Mizzou Engineering student careers receive boost from rocket launching competition
Space travel isn’t just for government anymore, many enthusiasts believe.
That belief helped spark a national rocket launching contest in which Mizzou Engineering’s student aeronautics team will compete for the first time later this month. The MU American Institute of Aeronautics and Astronautics (AIAA) student chapter has built a 10-foot tall rocket that can climb nearly two miles into the atmosphere in hopes of winning top honors at the Experimental Sounding Rocket Association’s (ESRA) Intercollegiate Rocket Launch Competition on June 26-27 near Green River, Utah.

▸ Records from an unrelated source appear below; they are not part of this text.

(* Let $m\ge1$ and $A\ge1$ be integers, and let $\alpha\neq\beta$ be elements of $\mathbb{Z}[\zeta_m]$ whose representations are bounded in $[-A,A]$. Then $$|\alpha-\beta|\ge\frac{1}{(2A\,\phi(m)+1)^{\phi(m)-1}}.$$
   Context: $\zeta_m$ is a primitive $m$-th root of unity and $\phi$ is Euler's totient function. The representation of $\alpha\in\mathbb{Z}[\zeta_m]$ is the unique tuple of integers $(a_0,\dots,a_{\phi(m)-1})$ with $\alpha=\sum_{i=0}^{\phi(m)-1}a_i\zeta_m^i$; it is bounded in $[-A,A]$ if $-A\le a_i\le A$ for all $i$. *)

theory Defs
  imports "HOL-Analysis.Analysis" "HOL-Number_Theory.Number_Theory"
begin

definition cyc_elem :: "nat \<Rightarrow> complex \<Rightarrow> (nat \<Rightarrow> int) \<Rightarrow> complex" where
  "cyc_elem m z a = (\<Sum>i<totient m. of_int (a i) * z ^ i)"

end

theory Submission
  imports Defs "Berlekamp_Zassenhaus.Berlekamp_Zassenhaus"
begin

text \<open>Let \<open>p \<in> \<int>[X]\<close> represent \<open>\<alpha> - \<beta>\<close> and let \<open>f\<close> be the minimal polynomial of \<open>\<zeta>\<^sub>m\<close>, an irreducible
  monic factor of \<open>X\<^sup>m - 1\<close>. The product of \<open>p(w)\<close> over the roots \<open>w\<close> of \<open>f\<close> is a nonzero integer:
  it is the determinant of the integer matrix \<open>p(C)\<close>, \<open>C\<close> the companion matrix of \<open>f\<close>, because
  the Vandermonde columns of the (simple) roots are a basis of eigenvectors of \<open>C\<close>; and no factor
  vanishes, since \<open>f\<close> would otherwise divide \<open>p\<close>. The roots of \<open>f\<close> are primitive \<open>m\<close>-th roots of
  unity, so there are at most \<open>\<phi>(m)\<close> of them and \<open>|p(w)| \<le> 2A\<phi>(m)\<close> for each. Hence
  \<open>1 \<le> |p(\<zeta>\<^sub>m)| (2A\<phi>(m) + 1)\<^bsup>\<phi>(m)-1\<^esup>\<close>.\<close>

fun mat_horner :: "'a :: comm_ring_1 list \<Rightarrow> 'a mat \<Rightarrow> 'a mat" where
  "mat_horner [] A = 0\<^sub>m (dim_row A) (dim_row A)"
| "mat_horner (c # cs) A = c \<cdot>\<^sub>m 1\<^sub>m (dim_row A) + A * mat_horner cs A"

lemma mat_horner_carrier [simp]: "A \<in> carrier_mat n n \<Longrightarrow> mat_horner cs A \<in> carrier_mat n n"
  by (induction cs) auto

lemma mat_horner_eigenvector:
  fixes A :: "'a :: field mat"
  assumes A: "A \<in> carrier_mat n n" and v: "v \<in> carrier_vec n" and Av: "A *\<^sub>v v = w \<cdot>\<^sub>v v"
  shows "mat_horner cs A *\<^sub>v v = poly (Poly cs) w \<cdot>\<^sub>v v"
proof (induction cs)
  case Nil
  show ?case using A v by (auto intro: eq_vecI)
next
  case (Cons c cs)
  have H: "mat_horner cs A \<in> carrier_mat n n" using A by simp
  have "mat_horner (c # cs) A *\<^sub>v v = (c \<cdot>\<^sub>m 1\<^sub>m n) *\<^sub>v v + A *\<^sub>v (mat_horner cs A *\<^sub>v v)"
    using A H v by (simp add: add_mult_distrib_mat_vec[of _ n n] assoc_mult_mat_vec[OF A H v])
  also have "(c \<cdot>\<^sub>m 1\<^sub>m n) *\<^sub>v v = c \<cdot>\<^sub>v v"
    using v by (intro eq_vecI)
      (auto simp: scalar_prod_def if_distrib[of "\<lambda>x. c * x"] if_distrib[of "\<lambda>x. x * v $ _"] cong: if_cong)
  also have "A *\<^sub>v (mat_horner cs A *\<^sub>v v) = (poly (Poly cs) w * w) \<cdot>\<^sub>v v"
    using Cons A v by (simp add: mult_mat_vec Av smult_smult_assoc)
  finally show ?case using v by (intro eq_vecI) (auto simp: algebra_simps)
qed

lemma (in comm_ring_hom) mat_horner_hom:
  assumes A: "A \<in> carrier_mat n n"
  shows "mat_horner (map hom cs) (mat\<^sub>h A) = mat\<^sub>h (mat_horner cs A)"
proof (induction cs)
  case (Cons c cs)
  have "mat\<^sub>h (mat_horner (c # cs) A) = hom c \<cdot>\<^sub>m 1\<^sub>m n + mat\<^sub>h (A * mat_horner cs A)"
    using A by (intro eq_matI) (auto simp: hom_add carrier_matD[OF mat_horner_carrier[OF A]])
  then show ?case using A Cons by (simp add: mat_hom_mult[OF A mat_horner_carrier[OF A]])
qed (auto intro: eq_matI)

lemma det_mat_horner_eigenbasis:
  fixes A V :: "'a :: field mat"
  assumes A: "A \<in> carrier_mat n n" and V: "V \<in> carrier_mat n n" and "det V \<noteq> 0"
    and eig: "\<And>j. j < n \<Longrightarrow> A *\<^sub>v col V j = ev j \<cdot>\<^sub>v col V j"
  shows "det (mat_horner cs A) = (\<Prod>j<n. poly (Poly cs) (ev j))"
proof -
  let ?H = "mat_horner cs A" and ?D = "mat_diag n (\<lambda>j. poly (Poly cs) (ev j))"
  have H: "?H \<in> carrier_mat n n" using A by simp
  have "?H * V = V * ?D"
  proof (rule mat_col_eqI)
    fix j assume "j < dim_col (V * ?D)"
    then have j: "j < n" by (simp add: mat_diag_def)
    have "col (?H * V) j = ?H *\<^sub>v col V j" by (rule col_mult2[OF H V j])
    also have "\<dots> = poly (Poly cs) (ev j) \<cdot>\<^sub>v col V j"
      using V j by (intro mat_horner_eigenvector[OF A _ eig]) auto
    also have "\<dots> = col (V * ?D) j"
      using V j by (intro eq_vecI) (auto simp: mat_diag_mult_right[OF V])
    finally show "col (?H * V) j = col (V * ?D) j" .
  qed (use H V in \<open>auto simp: mat_diag_def\<close>)
  then have "det ?H * det V = det ?D * det V"
    by (metis det_mult[OF H V] det_mult[OF V mat_diag_dim] mult.commute)
  then have "det ?H = det ?D" using \<open>det V \<noteq> 0\<close> by simp
  also have "det ?D = prod_list (diag_mat ?D)"
    by (rule det_upper_triangular) (auto simp: upper_triangular_def mat_diag_def)
  also have "\<dots> = (\<Prod>j<n. poly (Poly cs) (ev j))"
    by (simp add: diag_mat_def mat_diag_def prod.list_conv_set_nth atLeast0LessThan)
  finally show ?thesis .
qed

“We just decided to go a whole new route with rockets, and tackle a new challenge,” said outgoing AIAA Chairman Ryan Goold, who received a mechanical and aerospace engineering degree last month. “I hope to spark interest in returning members to continue researching rockets.”
As does ESRA, the not-for-profit organization sponsoring the third annual competition. ESRA, formed in 2003 by Utah State University faculty members and students to promote science and engineering education, aims to prepare aerospace engineering students throughout the country to serve commercial space travel providers.
Since the first private rocket ship took flight a few years ago, the private sector has started exploring the commercial possibilities of privately sponsored research, tourist and business space flights, said ESRA competition organizer Paul Mueller, an adjunct assistant professor at Utah State University.
“We think commercial space…is going to take a much larger role in the future,” Mueller said.
Companies will need engineers who can build the hardware, motors and rocket engines required to fuel privately-funded space travel, he said. ESRA’s rocket launching competition is one of only a handful of rocket launching contests across the country to offer students hands-on competition experience in that field, Mueller said.
Mizzou mechanical and aerospace engineering senior Geoff Glidden relishes the experience of having helped build the team’s 95-pound rocket, which must be capable of carrying a payload of 10 pounds at least 10,000 feet high. It’s reminiscent of the model rockets with which most team members are familiar, but considerably more challenging, he said.
“Just to do that on a much larger scale is exciting,” Glidden said.